This study included 28 patients (11 males, 17 females; mean age, 77.5 ± 4.8 years) undergoing TAVI between October 2010 and February 2012. Patients received new-generation balloon-expandable Edwards SAPIEN XT by the transfemoral (n = 27) and transapical (n = 1) approaches. After TAVI, the mean follow-up time was 9.9 months. All patients had severe AS and New York Heart Association (NYHA) class III or IV symptoms and were at high risk for surgery due to comorbidities such as chronic obstructive pulmonary disease, pulmonary hypertension, peripheral artery disease, and low ejection fraction. The decision to do TAVI was rendered by a consensus at the heart team meeting. Preoperative risk was assessed on the basis of either the European System for Cardiac Operative Risk Evaluation (EuroSCORE) or the Society of Thoracic Surgeons (STS) risk calculator system.7,8 In the absence of other contraindications to surgical valve replacement, high-risk status was defined as a logistic EuroSCORE of >20% or an STS score of >10%. 

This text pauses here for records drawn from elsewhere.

(* Let $g\ge1$ be an integer and let $a,b$ be integers with $0<a<b$. Define $\gamma_1=a$, $\gamma_2=b$, and for $r\ge3$ let $\gamma_r$ be the smallest integer greater than $\gamma_{r-1}$ such that $\{\gamma_1,\dots,\gamma_r\}$ is a $\mathcal D[g]$ set. Then there is an integer $n_0=n_0(a,b,g)$ such that $\gamma_n=2\gamma_{n-1}$ for all $n\ge n_0$.
   Context: For a positive integer $g$, a set $\mathcal S=\{a_1<a_2<\cdots\}\subset\mathbb N$ is a $\mathcal D[g]$ set if for every $m$ (for which $a_m$ exists) and every $t\in\mathbb Z$, $$\left|\left\{I\subseteq\{1,\dots,m\}:\ \sum_{i\in I}a_i=t\right\}\right|\le g.$$ *)

theory Defs
  imports Main
begin

text \<open>A set S of naturals, listed increasingly as a_1 < a_2 < ..., is a D[g] set if
  for every m (with a_m existing) and every integer t, the number of subsets I of
  {1..m} with sum of a_i over I equal to t is at most g.  Since the a_i are distinct,
  subsets of indices {1..m} correspond bijectively to subsets of the prefix
  {x in S. x <= a_m}.\<close>
definition D_set :: "nat \<Rightarrow> nat set \<Rightarrow> bool" where
  "D_set g S \<longleftrightarrow>
     (\<forall>m\<in>S. \<forall>t::int. card {I. I \<subseteq> {x\<in>S. x \<le> m} \<and> (\<Sum>i\<in>I. int i) = t} \<le> g)"

text \<open>glist g a b k = [gamma_1, ..., gamma_(k+2)].\<close>
fun glist :: "nat \<Rightarrow> nat \<Rightarrow> nat \<Rightarrow> nat \<Rightarrow> nat list" where
  "glist g a b 0 = [a, b]"
| "glist g a b (Suc k) =
     (let L = glist g a b k
      in L @ [LEAST x. x > last L \<and> D_set g (insert x (set L))])"

text \<open>gamma g a b r is gamma_r (1-based indexing, r >= 1).\<close>
definition gamma :: "nat \<Rightarrow> nat \<Rightarrow> nat \<Rightarrow> nat \<Rightarrow> nat" where
  "gamma g a b r = glist g a b (r - 2) ! (r - 1)"

end

theory Submission
  imports Defs Complex_Main
begin

(* Let s_k be the sum of the first k terms.  Since s_k + 1 exceeds every subset sum it can always
   be appended, so gamma_(k+1) <= s_k + 1; since at most g of the 2^k subsets share a sum,
   2^k <= g (s_k + 1).  By minimality, a term exceeding the sum of its two predecessors is at
   least twice the previous one: otherwise its difference with the previous term would have been
   admissible, and chosen, one step earlier.  So if gamma_(k+1) < 2 gamma_k, the deficit
   d_k = s_k + 1 - gamma_(k+1) is at least s_(k-2) + 1 >= 2^(k-2) / g.  The potential
   g (s_k + 1) / 2^(k-3) is nonnegative and decreases by g d_k / 2^(k-2), hence by at least 1 at
   each such step, so there are only finitely many.  From then on d_k is a nonincreasing natural
   number, hence eventually constant, and d_(k+1) = d_k means gamma_(k+2) = 2 gamma_(k+1). *)

definition subset_sum_count :: "nat set \<Rightarrow> int \<Rightarrow> nat" where
  "subset_sum_count S t = card {I. I \<subseteq> S \<and> (\<Sum>i\<in>I. int i) = t}"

Hypertension was defined as the use of antihypertensive medications, or the detection of systolic blood pressure >140 mm Hg, or diastolic blood pressure >90 mm Hg in at least two separate measurements. Diabetes mellitus was defined based on a previous diagnosis requiring the use of diet or antidiabetic drugs, or by a fasting venous blood glucose level of 126 mg/dL on two occasions in previously untreated patients. Body mass index was calculated as weight in kilograms divided by the square of the height in meters. Contrast-induced nephropathy was defined as an increase in serum creatinine level 0.5 mg/dL or 25% from baseline (admission) within 72 hours of radiocontrast administration.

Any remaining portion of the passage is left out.